Role of astrocyte polarization on the development of white matter injury as a consequence of preterm birth
Reactive astrocytes are a well-accepted hallmark of injury to the developing human brain, but their specific roles in the disease pathogenesis of perinatal brain injury remain unknown. Studies in the mature brain highlight the formation of molecularly distinct reactive astrocyte states with contrasting roles after injury, some capable of mediating brain repair and others with toxic functions. Deciphering the reactivity states of astrocytes in perinatal brain injury, the evolution of these states, and their roles in disease outcomes is an essential step towards enabling improved recovery of the injured prenatal brain.

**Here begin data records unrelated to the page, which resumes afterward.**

lemma elem_rel_ract_pairs: assumes C: "bimodule C" shows "elem_rel M C u v \<Longrightarrow> elem_rel M C (ract_pairs C a u) (ract_pairs C a v)"
proof (induction rule: elem_rel.induct)
  case er_nil then show ?case by (simp add: elem_rel.er_nil)
next
  case (er_addl m m' c)
  have "elem_rel M C [(badd M m m', bract C c a)] [(m, bract C c a), (m', bract C c a)]"
    by (rule elem_rel.er_addl) (use er_addl bm_rcl[OF C] in auto)
  then show ?case by simp
next
  case (er_addr m c c')
  have "elem_rel M C [(m, badd C (bract C c a) (bract C c' a))] [(m, bract C c a), (m, bract C c' a)]"
    by (rule elem_rel.er_addr) (use er_addr bm_rcl[OF C] in auto)
  then show ?case using er_addr bm_radd[OF C] by simp
next
  case (er_bal m c b)
  have "elem_rel M C [(bract M m b, bract C c a)] [(m, blact C b (bract C c a))]"
    by (rule elem_rel.er_bal) (use er_bal bm_rcl[OF C] in auto)
  then show ?case using er_bal bm_comp[OF C] by simp
next
  case (er_app u v u' v') then show ?case using elem_rel.er_app by simp
next
  case (er_swap u v) show ?case using er_swap.IH by (rule elem_rel.er_swap)
qed
text \<open>Induction on the degree: split the representation along an invariant subspace and its
  complement; if both pieces had abelian image, so would the whole representation.\<close>

lemma exists_irr_rep_nonabelian_image:
  assumes G: "group G" "finite (carrier G)"
  shows "is_rep G k \<sigma> \<Longrightarrow> N \<subseteq> rep_kernel G k \<sigma> \<Longrightarrow> \<not> abelian_image G \<sigma> \<Longrightarrow>
    \<exists>d \<tau>. is_irr_rep G d \<tau> \<and> N \<subseteq> rep_kernel G d \<tau> \<and> \<not> abelian_image G \<tau>"
proof (induction k arbitrary: \<sigma> rule: less_induct)
  case (less k \<sigma>)
  interpret finite_group_rep G k \<sigma>
    using finite_group_repI G less.prems(1) by blast
  show ?case
  proof (rule ccontr)
    assume none: "\<not> ?case"
    then have "\<exists>W. is_subspace k W \<and> W \<noteq> {0\<^sub>v k} \<and> W \<noteq> carrier_vec k
        \<and> (\<forall>g \<in> carrier G. \<forall>w \<in> W. \<sigma> g *\<^sub>v w \<in> W)"
      using less.prems unfolding is_irr_rep_def by blast
    then obtain W where W: "is_subspace k W" "W \<noteq> {0\<^sub>v k}" "W \<noteq> carrier_vec k"
      and W_inv': "\<forall>g \<in> carrier G. \<forall>w \<in> W. \<sigma> g *\<^sub>v w \<in> W"
      by blast
    then have W_inv: "\<And>g w. g \<in> carrier G \<Longrightarrow> w \<in> W \<Longrightarrow> \<sigma> g *\<^sub>v w \<in> W" by blast
    obtain W' where W': "is_subspace k W'"
      and W'_inv: "\<And>g w. g \<in> carrier G \<Longrightarrow> w \<in> W' \<Longrightarrow> \<sigma> g *\<^sub>v w \<in> W'"
      and W'_proper: "W' \<noteq> {0\<^sub>v k}" "W' \<noteq> carrier_vec k"
      and sum: "\<And>v. v \<in> carrier_vec k \<Longrightarrow> \<exists>w \<in> W. \<exists>w' \<in> W'. v = w + w'"
      using invariant_complement[OF W(1) W_inv W(2,3)] by blast
    have commute_on:
      "\<sigma> g *\<^sub>v (\<sigma> h *\<^sub>v u) = \<sigma> h *\<^sub>v (\<sigma> g *\<^sub>v u)"
      if U: "is_subspace k U" "U \<noteq> {0\<^sub>v k}" "U \<noteq> carrier_vec k"
        and U_inv: "\<And>g u. g \<in> carrier G \<Longrightarrow> u \<in> U \<Longrightarrow> \<sigma> g *\<^sub>v u \<in> U"
        and "g \<in> carrier G" "h \<in> carrier G" "u \<in> U" for U g h u
    proof -
      obtain m S where "m < k" "is_rep G m S" "rep_kernel G k \<sigma> \<subseteq> rep_kernel G m S"
        and abelian: "\<And>g h u. abelian_image G S \<Longrightarrow> g \<in> carrier G \<Longrightarrow> h \<in> carrier G \<Longrightarrow> u \<in> U \<Longrightarrow>
          \<sigma> g *\<^sub>v (\<sigma> h *\<^sub>v u) = \<sigma> h *\<^sub>v (\<sigma> g *\<^sub>v u)"
        using subrepresentation[OF U(1) U_inv U(2,3)] by blast
      then have "abelian_image G S" using less.IH less.prems(2) none by blast
      then show ?thesis using abelian that by blast
    qed
    have "abelian_image G \<sigma>"
      unfolding abelian_image_def
    proof (intro ballI)
      fix g h assume g: "g \<in> carrier G" and h: "h \<in> carrier G"
      have "W \<subseteq> carrier_vec k" "W' \<subseteq> carrier_vec k"
        using W(1) W'(1) unfolding is_subspace_def by auto
      then show "\<sigma> g * \<sigma> h = \<sigma> h * \<sigma> g"
        using commute_on[OF W(1-3) W_inv g h] commute_on[OF W' W'_proper W'_inv g h] sum
        by (intro mat_commute_of_commute_on_summands[OF rep_carrier[OF g] rep_carrier[OF h]])
    qed
    then show False using less.prems(3) by blast
  qed
qed
section \<open>A representation of a quotient group\<close>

To prove that astrocytes in the developing brain exhibit heterogeneous and region-dependent reactivity in response to acute and chronic perinatal brain insults, we characterize astrocyte reactivity across brain regions in acute and chronic perinatal brain injury using single cell transcriptomics and rodent models of acute perinatal inflammatory/hypoxic injury, and chronic gestational hypoxia. This line of research will shed light on mechanistic commonalities and differences in reactive astrocyte states following acute and chronic perinatal insults. The results will be validated in human post-mortem fetal/neonatal brains with acute perinatal and chronic gestational brain injury through a collaboration with the University of California, San Francisco (USA).
To test if inflammatory astrocytes expressing C3 are necessary and sufficient to drive the disruption of myelination in perinatal white matter injury, we are assessing myelination after constitutive and temporally controlled blockade of inflammatory astrocyte formation in rodent models of acute perinatal inflammatory/hypoxic injury. Inhibiting the formation/reversal of this reactive astrocyte subtype could become a therapeutic goal.
Furthermore, we are testing the diagnostic potential of peripherally detected fetal/perinatal astrocyte-derived exosomes as a biomarker of astrocyte reactivity using astrocyte-specific exosome in vitro and in vivo models. If the development of a method for remote monitoring of fetal and neonatal astrocyte reactivity is successful, this biomarker approach could be used to inform treatment/delivery decisions during the course of pregnancies complicated by conditions endangering fetal brain health.